AIM OF THE TASK – Every line below that includes the word "define" needs to be copied.

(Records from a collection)
------------------------

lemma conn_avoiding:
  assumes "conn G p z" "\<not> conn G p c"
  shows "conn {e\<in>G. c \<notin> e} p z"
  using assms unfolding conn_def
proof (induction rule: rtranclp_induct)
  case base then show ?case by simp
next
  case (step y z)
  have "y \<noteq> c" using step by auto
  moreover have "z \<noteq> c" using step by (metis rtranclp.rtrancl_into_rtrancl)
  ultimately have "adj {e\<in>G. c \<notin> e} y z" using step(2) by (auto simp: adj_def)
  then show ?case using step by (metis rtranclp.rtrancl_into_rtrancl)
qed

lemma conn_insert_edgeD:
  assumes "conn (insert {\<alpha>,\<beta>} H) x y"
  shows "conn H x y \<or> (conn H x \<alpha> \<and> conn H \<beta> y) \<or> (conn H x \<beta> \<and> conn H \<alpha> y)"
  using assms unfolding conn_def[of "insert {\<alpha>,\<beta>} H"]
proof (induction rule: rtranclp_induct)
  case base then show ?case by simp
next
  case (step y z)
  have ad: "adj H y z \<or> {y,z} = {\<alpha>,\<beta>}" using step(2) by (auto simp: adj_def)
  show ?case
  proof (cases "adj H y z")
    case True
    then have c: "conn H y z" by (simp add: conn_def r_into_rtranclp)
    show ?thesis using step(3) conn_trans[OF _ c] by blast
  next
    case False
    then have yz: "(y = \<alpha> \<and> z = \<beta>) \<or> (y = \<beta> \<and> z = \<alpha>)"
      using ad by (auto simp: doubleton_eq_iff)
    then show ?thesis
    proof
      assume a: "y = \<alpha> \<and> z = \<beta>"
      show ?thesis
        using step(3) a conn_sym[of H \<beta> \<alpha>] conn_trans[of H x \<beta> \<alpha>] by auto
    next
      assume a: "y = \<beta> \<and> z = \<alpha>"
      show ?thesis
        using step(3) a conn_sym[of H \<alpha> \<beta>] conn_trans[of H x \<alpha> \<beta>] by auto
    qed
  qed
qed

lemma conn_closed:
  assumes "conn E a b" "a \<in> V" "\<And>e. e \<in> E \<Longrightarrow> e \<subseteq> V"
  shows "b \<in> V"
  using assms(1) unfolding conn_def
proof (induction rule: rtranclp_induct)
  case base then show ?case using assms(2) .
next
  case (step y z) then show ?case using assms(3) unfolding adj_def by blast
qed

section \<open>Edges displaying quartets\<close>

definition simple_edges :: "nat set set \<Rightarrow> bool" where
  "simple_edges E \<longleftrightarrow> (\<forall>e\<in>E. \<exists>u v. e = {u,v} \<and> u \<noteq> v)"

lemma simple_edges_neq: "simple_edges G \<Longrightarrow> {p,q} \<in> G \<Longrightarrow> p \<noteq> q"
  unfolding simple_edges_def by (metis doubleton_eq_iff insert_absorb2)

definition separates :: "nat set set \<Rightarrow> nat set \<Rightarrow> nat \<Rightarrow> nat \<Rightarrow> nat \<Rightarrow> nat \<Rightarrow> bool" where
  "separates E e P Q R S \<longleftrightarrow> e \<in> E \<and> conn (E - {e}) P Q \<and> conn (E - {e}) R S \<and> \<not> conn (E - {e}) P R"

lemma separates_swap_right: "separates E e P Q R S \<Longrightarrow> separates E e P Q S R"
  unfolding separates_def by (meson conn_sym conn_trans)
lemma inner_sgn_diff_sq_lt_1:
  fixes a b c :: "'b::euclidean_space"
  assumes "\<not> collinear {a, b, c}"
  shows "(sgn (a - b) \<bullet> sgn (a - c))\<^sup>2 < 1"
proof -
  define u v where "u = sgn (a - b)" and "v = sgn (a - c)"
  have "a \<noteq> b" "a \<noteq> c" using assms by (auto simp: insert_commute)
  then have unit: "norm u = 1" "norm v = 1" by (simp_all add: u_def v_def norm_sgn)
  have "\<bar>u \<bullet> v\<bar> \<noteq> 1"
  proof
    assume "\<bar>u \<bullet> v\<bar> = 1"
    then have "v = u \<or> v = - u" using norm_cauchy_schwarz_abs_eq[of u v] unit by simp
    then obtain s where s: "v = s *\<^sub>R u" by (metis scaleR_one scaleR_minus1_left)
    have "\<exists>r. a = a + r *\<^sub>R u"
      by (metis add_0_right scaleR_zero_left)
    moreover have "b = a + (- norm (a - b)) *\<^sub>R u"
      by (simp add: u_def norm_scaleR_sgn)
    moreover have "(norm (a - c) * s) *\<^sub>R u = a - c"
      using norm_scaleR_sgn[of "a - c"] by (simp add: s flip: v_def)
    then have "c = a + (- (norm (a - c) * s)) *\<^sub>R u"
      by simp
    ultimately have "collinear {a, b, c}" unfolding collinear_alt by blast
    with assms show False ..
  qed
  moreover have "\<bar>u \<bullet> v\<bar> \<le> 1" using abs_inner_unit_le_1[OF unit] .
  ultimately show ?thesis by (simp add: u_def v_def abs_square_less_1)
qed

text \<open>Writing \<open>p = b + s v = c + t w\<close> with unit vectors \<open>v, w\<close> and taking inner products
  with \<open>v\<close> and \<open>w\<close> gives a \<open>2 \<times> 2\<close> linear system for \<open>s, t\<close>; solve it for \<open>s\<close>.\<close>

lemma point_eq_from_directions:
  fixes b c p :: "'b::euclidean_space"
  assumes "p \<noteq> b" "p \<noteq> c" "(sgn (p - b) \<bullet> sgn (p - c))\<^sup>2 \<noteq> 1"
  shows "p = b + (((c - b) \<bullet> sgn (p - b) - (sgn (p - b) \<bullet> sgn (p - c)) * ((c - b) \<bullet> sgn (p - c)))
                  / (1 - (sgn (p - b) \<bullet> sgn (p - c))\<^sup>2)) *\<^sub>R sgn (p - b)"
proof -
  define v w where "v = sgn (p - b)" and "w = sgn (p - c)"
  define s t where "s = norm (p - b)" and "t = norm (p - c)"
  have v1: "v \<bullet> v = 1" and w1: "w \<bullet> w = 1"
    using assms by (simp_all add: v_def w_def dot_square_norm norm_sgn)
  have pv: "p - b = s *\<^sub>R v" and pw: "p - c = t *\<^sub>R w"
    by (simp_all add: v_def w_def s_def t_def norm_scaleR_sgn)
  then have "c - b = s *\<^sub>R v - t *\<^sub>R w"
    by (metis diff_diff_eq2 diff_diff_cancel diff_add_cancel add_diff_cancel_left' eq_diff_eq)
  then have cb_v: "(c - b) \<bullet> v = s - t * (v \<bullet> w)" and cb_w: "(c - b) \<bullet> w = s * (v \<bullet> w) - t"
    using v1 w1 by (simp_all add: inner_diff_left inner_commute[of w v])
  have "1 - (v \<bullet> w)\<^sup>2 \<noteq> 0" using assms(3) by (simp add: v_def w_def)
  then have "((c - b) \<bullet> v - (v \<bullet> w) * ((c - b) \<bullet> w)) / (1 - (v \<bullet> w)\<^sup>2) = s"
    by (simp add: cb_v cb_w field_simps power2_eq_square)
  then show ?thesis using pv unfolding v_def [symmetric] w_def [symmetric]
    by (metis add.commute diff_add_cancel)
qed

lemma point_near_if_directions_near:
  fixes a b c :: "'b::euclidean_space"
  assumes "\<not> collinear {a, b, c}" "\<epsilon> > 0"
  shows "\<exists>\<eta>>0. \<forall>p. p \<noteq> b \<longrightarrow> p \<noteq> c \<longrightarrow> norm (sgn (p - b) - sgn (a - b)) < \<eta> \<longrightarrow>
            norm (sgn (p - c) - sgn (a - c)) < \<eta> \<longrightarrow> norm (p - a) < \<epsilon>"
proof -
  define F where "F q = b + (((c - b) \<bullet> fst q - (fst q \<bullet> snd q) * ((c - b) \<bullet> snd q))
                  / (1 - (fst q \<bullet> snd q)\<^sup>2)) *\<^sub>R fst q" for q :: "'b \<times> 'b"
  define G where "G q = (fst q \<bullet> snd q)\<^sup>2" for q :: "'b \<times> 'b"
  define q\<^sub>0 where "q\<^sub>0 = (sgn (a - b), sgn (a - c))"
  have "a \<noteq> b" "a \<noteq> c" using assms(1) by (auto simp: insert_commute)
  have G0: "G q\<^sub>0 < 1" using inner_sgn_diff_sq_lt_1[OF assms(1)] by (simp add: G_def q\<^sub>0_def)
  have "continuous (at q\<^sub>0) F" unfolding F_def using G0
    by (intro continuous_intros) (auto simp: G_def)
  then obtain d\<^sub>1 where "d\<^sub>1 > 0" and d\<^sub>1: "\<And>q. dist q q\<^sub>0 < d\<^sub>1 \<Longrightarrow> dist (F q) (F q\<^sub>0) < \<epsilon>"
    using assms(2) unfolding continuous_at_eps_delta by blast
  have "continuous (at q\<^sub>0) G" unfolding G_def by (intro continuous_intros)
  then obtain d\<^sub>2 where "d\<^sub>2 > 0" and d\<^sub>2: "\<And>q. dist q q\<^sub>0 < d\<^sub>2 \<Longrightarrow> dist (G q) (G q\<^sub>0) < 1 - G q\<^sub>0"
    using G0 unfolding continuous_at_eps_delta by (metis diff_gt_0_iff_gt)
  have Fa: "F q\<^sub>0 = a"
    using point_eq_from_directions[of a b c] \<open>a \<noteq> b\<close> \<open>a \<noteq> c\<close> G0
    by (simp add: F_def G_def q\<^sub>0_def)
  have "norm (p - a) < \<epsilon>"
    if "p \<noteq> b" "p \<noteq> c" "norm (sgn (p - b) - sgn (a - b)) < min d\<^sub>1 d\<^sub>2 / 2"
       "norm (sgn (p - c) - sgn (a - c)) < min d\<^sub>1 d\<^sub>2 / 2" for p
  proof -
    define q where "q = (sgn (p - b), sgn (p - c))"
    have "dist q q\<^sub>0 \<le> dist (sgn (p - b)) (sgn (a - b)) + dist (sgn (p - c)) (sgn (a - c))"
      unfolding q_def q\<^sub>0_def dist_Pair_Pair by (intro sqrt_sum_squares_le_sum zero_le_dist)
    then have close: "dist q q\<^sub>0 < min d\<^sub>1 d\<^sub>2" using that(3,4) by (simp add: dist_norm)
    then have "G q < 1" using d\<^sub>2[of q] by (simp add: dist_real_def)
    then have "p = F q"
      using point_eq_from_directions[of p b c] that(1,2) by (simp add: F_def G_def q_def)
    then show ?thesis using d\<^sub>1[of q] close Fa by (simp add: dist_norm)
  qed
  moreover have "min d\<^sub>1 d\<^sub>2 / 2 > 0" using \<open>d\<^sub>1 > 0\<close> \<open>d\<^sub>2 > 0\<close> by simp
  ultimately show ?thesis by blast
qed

------------------------

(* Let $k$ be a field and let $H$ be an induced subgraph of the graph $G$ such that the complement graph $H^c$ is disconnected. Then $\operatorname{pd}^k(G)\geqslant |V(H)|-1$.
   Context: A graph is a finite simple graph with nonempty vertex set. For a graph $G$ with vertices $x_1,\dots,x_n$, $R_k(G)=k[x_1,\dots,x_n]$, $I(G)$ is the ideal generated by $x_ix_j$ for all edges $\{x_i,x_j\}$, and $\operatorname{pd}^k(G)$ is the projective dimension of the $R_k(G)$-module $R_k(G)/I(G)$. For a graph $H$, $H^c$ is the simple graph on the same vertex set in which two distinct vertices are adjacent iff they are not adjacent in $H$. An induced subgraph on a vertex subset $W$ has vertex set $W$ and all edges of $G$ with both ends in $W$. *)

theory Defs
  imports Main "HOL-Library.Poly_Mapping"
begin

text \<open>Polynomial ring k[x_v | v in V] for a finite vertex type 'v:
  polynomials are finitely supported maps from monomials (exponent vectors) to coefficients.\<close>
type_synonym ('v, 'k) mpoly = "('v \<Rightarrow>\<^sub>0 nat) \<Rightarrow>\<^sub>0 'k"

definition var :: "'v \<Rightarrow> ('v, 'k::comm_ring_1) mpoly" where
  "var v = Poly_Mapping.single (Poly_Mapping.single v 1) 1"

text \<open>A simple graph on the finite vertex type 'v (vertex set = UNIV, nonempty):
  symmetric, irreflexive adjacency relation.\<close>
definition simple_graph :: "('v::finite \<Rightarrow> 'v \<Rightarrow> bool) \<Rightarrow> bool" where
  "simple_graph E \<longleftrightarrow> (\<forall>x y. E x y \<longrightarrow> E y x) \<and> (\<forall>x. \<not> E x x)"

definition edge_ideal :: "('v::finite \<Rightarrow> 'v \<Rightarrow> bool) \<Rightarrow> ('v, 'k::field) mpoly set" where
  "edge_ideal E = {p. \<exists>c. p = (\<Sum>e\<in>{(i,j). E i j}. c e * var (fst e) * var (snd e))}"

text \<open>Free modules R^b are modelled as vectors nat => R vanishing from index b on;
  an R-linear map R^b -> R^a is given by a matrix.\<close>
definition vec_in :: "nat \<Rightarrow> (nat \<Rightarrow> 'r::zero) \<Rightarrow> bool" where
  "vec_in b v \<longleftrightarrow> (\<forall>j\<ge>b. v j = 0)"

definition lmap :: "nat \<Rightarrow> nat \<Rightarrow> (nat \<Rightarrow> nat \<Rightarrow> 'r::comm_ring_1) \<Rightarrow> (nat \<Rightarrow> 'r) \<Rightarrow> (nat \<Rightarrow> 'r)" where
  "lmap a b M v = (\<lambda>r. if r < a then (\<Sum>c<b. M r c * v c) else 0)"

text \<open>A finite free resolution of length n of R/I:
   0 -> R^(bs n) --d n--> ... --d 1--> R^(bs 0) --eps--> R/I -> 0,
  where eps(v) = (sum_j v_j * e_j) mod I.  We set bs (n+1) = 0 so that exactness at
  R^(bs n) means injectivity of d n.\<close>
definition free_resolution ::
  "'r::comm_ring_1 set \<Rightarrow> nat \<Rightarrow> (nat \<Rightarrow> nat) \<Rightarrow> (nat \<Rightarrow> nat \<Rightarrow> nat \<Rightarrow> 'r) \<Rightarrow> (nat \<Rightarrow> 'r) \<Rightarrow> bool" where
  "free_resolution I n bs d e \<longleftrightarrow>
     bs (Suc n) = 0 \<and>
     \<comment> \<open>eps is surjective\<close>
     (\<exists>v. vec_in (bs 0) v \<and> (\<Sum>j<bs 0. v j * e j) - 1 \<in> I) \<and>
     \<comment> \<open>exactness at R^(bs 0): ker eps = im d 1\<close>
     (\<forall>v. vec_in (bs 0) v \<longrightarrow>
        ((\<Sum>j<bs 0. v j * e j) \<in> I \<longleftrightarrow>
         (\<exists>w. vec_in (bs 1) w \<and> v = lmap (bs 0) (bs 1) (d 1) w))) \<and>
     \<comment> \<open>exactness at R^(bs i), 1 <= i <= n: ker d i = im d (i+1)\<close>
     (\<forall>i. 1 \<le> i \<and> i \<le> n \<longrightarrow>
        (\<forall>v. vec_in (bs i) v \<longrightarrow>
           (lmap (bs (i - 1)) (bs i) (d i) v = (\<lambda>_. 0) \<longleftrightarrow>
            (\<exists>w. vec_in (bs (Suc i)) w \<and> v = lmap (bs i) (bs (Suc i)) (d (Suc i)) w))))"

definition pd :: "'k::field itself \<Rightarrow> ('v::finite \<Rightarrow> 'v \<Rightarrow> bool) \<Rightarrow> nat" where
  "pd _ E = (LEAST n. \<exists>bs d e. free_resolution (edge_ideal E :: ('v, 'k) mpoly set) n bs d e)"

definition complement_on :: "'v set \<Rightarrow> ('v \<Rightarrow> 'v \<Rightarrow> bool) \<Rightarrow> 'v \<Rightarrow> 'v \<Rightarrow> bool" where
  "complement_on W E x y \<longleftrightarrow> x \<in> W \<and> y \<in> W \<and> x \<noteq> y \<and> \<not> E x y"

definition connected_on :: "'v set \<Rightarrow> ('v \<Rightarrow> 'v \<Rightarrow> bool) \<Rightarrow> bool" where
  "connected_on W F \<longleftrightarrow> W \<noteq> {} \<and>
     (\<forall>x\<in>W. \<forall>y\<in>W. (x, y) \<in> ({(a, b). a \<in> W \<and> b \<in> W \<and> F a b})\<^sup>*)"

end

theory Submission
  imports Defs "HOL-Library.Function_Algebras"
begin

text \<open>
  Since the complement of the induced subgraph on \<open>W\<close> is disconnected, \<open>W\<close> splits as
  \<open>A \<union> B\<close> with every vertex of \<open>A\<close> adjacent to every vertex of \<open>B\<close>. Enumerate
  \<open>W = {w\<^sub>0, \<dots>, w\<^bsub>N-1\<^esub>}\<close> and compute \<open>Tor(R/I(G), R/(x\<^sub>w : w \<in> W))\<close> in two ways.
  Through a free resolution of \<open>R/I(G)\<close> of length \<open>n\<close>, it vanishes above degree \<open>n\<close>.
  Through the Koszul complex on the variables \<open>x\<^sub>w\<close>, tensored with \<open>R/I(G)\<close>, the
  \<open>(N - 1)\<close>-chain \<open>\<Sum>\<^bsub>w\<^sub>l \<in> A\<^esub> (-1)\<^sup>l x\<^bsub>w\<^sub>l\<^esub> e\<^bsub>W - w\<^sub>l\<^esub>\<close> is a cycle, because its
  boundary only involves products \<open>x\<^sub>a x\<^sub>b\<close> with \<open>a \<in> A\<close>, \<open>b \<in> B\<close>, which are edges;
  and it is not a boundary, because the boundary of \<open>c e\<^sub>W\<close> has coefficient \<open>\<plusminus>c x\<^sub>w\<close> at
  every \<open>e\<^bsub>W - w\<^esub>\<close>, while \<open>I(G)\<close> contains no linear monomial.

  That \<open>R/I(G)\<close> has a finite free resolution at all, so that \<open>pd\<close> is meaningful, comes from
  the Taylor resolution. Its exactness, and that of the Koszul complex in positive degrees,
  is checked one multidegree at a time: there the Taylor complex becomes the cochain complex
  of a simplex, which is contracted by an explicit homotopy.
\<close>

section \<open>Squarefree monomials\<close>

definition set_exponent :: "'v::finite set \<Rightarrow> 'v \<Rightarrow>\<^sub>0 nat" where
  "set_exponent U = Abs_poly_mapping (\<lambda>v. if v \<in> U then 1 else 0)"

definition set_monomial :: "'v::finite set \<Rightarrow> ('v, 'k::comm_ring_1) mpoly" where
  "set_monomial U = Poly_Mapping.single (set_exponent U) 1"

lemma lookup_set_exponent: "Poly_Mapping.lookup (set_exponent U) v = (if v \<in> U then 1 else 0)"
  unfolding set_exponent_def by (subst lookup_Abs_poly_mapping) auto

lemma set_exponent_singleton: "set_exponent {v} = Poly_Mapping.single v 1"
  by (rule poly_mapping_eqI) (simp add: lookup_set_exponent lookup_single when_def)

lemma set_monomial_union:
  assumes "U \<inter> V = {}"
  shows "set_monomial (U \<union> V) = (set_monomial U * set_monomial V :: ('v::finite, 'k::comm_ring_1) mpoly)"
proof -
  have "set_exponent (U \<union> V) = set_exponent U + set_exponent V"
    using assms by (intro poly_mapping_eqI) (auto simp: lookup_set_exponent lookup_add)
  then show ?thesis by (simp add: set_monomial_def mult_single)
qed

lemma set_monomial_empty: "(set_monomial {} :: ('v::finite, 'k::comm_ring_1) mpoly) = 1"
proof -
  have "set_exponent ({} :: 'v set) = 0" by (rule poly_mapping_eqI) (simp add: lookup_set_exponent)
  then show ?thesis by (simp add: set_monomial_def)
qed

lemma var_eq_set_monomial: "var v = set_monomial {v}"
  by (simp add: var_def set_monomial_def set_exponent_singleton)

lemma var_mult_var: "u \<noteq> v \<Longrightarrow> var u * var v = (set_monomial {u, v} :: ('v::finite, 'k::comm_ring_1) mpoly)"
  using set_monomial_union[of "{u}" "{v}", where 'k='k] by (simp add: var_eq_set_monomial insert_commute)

------------------------

SOLVED PROBLEM –
  define u v where "u = sgn (a - b)" and "v = sgn (a - c)"
  define v w where "v = sgn (p - b)" and "w = sgn (p - c)"
  define s t where "s = norm (p - b)" and "t = norm (p - c)"
  define F where "F q = b + (((c - b) \<bullet> fst q - (fst q \<bullet> snd q) * ((c - b) \<bullet> snd q))
  define G where "G q = (fst q \<bullet> snd q)\<^sup>2" for q :: "'b \<times> 'b"
  define q\<^sub>0 where "q\<^sub>0 = (sgn (a - b), sgn (a - c))"
    define q where "q = (sgn (p - b), sgn (p - c))"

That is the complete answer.